Fauci and other government scientists warned that anecdotal reports about hydroxychloroquine were not supported by the data, and warned that taking the drug could result in serious side effects. The Food and Drug Administration cautioned against using the drug and discontinued a study of its effectiveness, citing health risks.

But Trump has openly championed it – even opting to take hydroxychloroquine when a White House staffer contracted the disease.

“The idea that this is a dangerous drug – it’s just silly,” Navarro, an economist with no known medical training, told reporters Tuesday at the White House.

The president, always attuned to public opinion polls, has openly marvelled at the high approval rating his health team has earned, even as judgment of his performance has soured.

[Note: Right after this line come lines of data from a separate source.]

(* Proof idea: a vertex v is the increment sequence of an integer height function w on
   {0..m} with steps of size at most 1; the end coordinates only see w 0 and - w m modulo n.
   Since the partial sums of v at the pivots are divisible by n and the sum over I_c vanishes,
   w can be chosen to vanish at p_l and at p_r. Moving a height of maximal modulus one step
   towards 0 keeps the step condition and is an edge of Z_{n,m}, so d(v,0) is at most the sum
   of the |w i|. By the step condition |w i| is at most the distance from i to p_l (left of the
   midpoint of I_c) or to p_r (right of it), and summing these tents gives the bound. *)

definition vertex_of_heights :: "nat \<Rightarrow> nat \<Rightarrow> (nat \<Rightarrow> int) \<Rightarrow> nat \<Rightarrow> int" where
  "vertex_of_heights n m w i =
     (if i = 0 then w 0 mod int n
      else if i \<le> m then w i - w (i - 1)
      else if i = m + 1 then (- w m) mod int n
      else 0)"

definition unit_lipschitz :: "nat \<Rightarrow> (nat \<Rightarrow> int) \<Rightarrow> bool" where
  "unit_lipschitz m w \<longleftrightarrow> (\<forall>i\<in>{1..m}. \<bar>w i - w (i - 1)\<bar> \<le> 1)"

lemma sum_vertex_of_heights:
  "k \<le> m \<Longrightarrow> (\<Sum>i\<le>k. vertex_of_heights n m w i) = w 0 mod int n + w k - w 0"
  by (induction k) (simp_all add: vertex_of_heights_def)

lemma zvert_vertex_of_heights:
  assumes "0 < n" "unit_lipschitz m w"
  shows "zvert n m (vertex_of_heights n m w)"
proof -
  have "(\<Sum>i\<le>m+1. vertex_of_heights n m w i) = (w 0 mod int n - w 0) + (w m + (- w m) mod int n)"
    using sum_vertex_of_heights[of m m n w] by (simp add: vertex_of_heights_def)
  moreover have "int n dvd (x mod int n - x)" for x
    by (metis mod_eq_dvd_iff mod_mod_trivial)
  ultimately have "int n dvd (\<Sum>i\<le>m+1. vertex_of_heights n m w i)"
    by (metis dvd_add diff_minus_eq_add add.commute)
  moreover have "vertex_of_heights n m w i \<in> {-1, 0, 1}" if "i \<in> {1..m}" for i
    using that assms(2) by (force simp: vertex_of_heights_def unit_lipschitz_def)
  ultimately show ?thesis
    using assms(1) by (auto simp: zvert_def vertex_of_heights_def)
qed

lemma zadj_vertex_of_heights_update:
  assumes "0 < n" "unit_lipschitz m w" "unit_lipschitz m (w(i := w i + e))"
    and "i \<le> m" "e = 1 \<or> e = -1"
  shows "zadj n m (vertex_of_heights n m w) (vertex_of_heights n m (w(i := w i + e)))"
proof -
  let ?u = "vertex_of_heights n m w" and ?u' = "vertex_of_heights n m (w(i := w i + e))"
  have "zcoord_eq n m i (?u i) (?u' i - e)"
    using assms(4) by (auto simp: zcoord_eq_def vertex_of_heights_def mod_simps)
  moreover have "zcoord_eq n m (i+1) (?u (i+1)) (?u' (i+1) + e)"
    using assms(4) by (auto simp: zcoord_eq_def vertex_of_heights_def mod_simps)
  ultimately have
    "(zcoord_eq n m i (?u i) (?u' i + 1) \<and> zcoord_eq n m (i+1) (?u (i+1)) (?u' (i+1) - 1)) \<or>
     (zcoord_eq n m i (?u i) (?u' i - 1) \<and> zcoord_eq n m (i+1) (?u (i+1)) (?u' (i+1) + 1))"
    using assms(5) by auto
  moreover have "\<forall>j\<le>m+1. j \<noteq> i \<and> j \<noteq> i+1 \<longrightarrow> ?u j = ?u' j"
    by (auto simp: vertex_of_heights_def)
  ultimately show ?thesis
    using assms zvert_vertex_of_heights unfolding zadj_def by blast
qed

lemma unit_lipschitz_shrink_max:
  assumes "unit_lipschitz m w" "i \<le> m" "\<forall>j\<le>m. \<bar>w j\<bar> \<le> \<bar>w i\<bar>"
  shows "unit_lipschitz m (w(i := w i - sgn (w i)))"
  unfolding unit_lipschitz_def
proof
  fix j assume j: "j \<in> {1..m}"
  then have "\<bar>w j - w (j - 1)\<bar> \<le> 1" "\<bar>w j\<bar> \<le> \<bar>w i\<bar>" "\<bar>w (j - 1)\<bar> \<le> \<bar>w i\<bar>"
    using assms unfolding unit_lipschitz_def by auto
  then show "\<bar>(w(i := w i - sgn (w i))) j - (w(i := w i - sgn (w i))) (j - 1)\<bar> \<le> 1"
    using j by (cases "j = i"; cases "j - 1 = i") (auto simp: sgn_if abs_le_iff)
qed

Just one-third of Americans approved of his handling of coronavirus, while two-thirds disapproved, according to an ABC News/Ipsos poll released on Friday.

The same survey showed that 59 per cent of Americans believed that the US was reopening the economy too quickly – a push that Trump has led and Fauci has resisted.

One administration official with knowledge of the relationship downplayed the friction, saying Fauci had not internally expressed alarm over the situation. The divergence boiled down to a president who was optimistic about the country’s ability to emerge from the pandemic interacting with a health official fundamentally conservative in his approach, the person said.

Others within the president’s orbit chalk up the disagreement to understandable frustration on Trump’s part.

“I don’t think we should necessarily focus on that personal reaction between the president and Dr Fauci because again, these are real relationships, ordinary relationships and if you’ve been wrong a couple of times, it makes somebody wonder whether you’re wrong again,” former chief of staff Mick Mulvaney said in an interview with CNBC on Monday.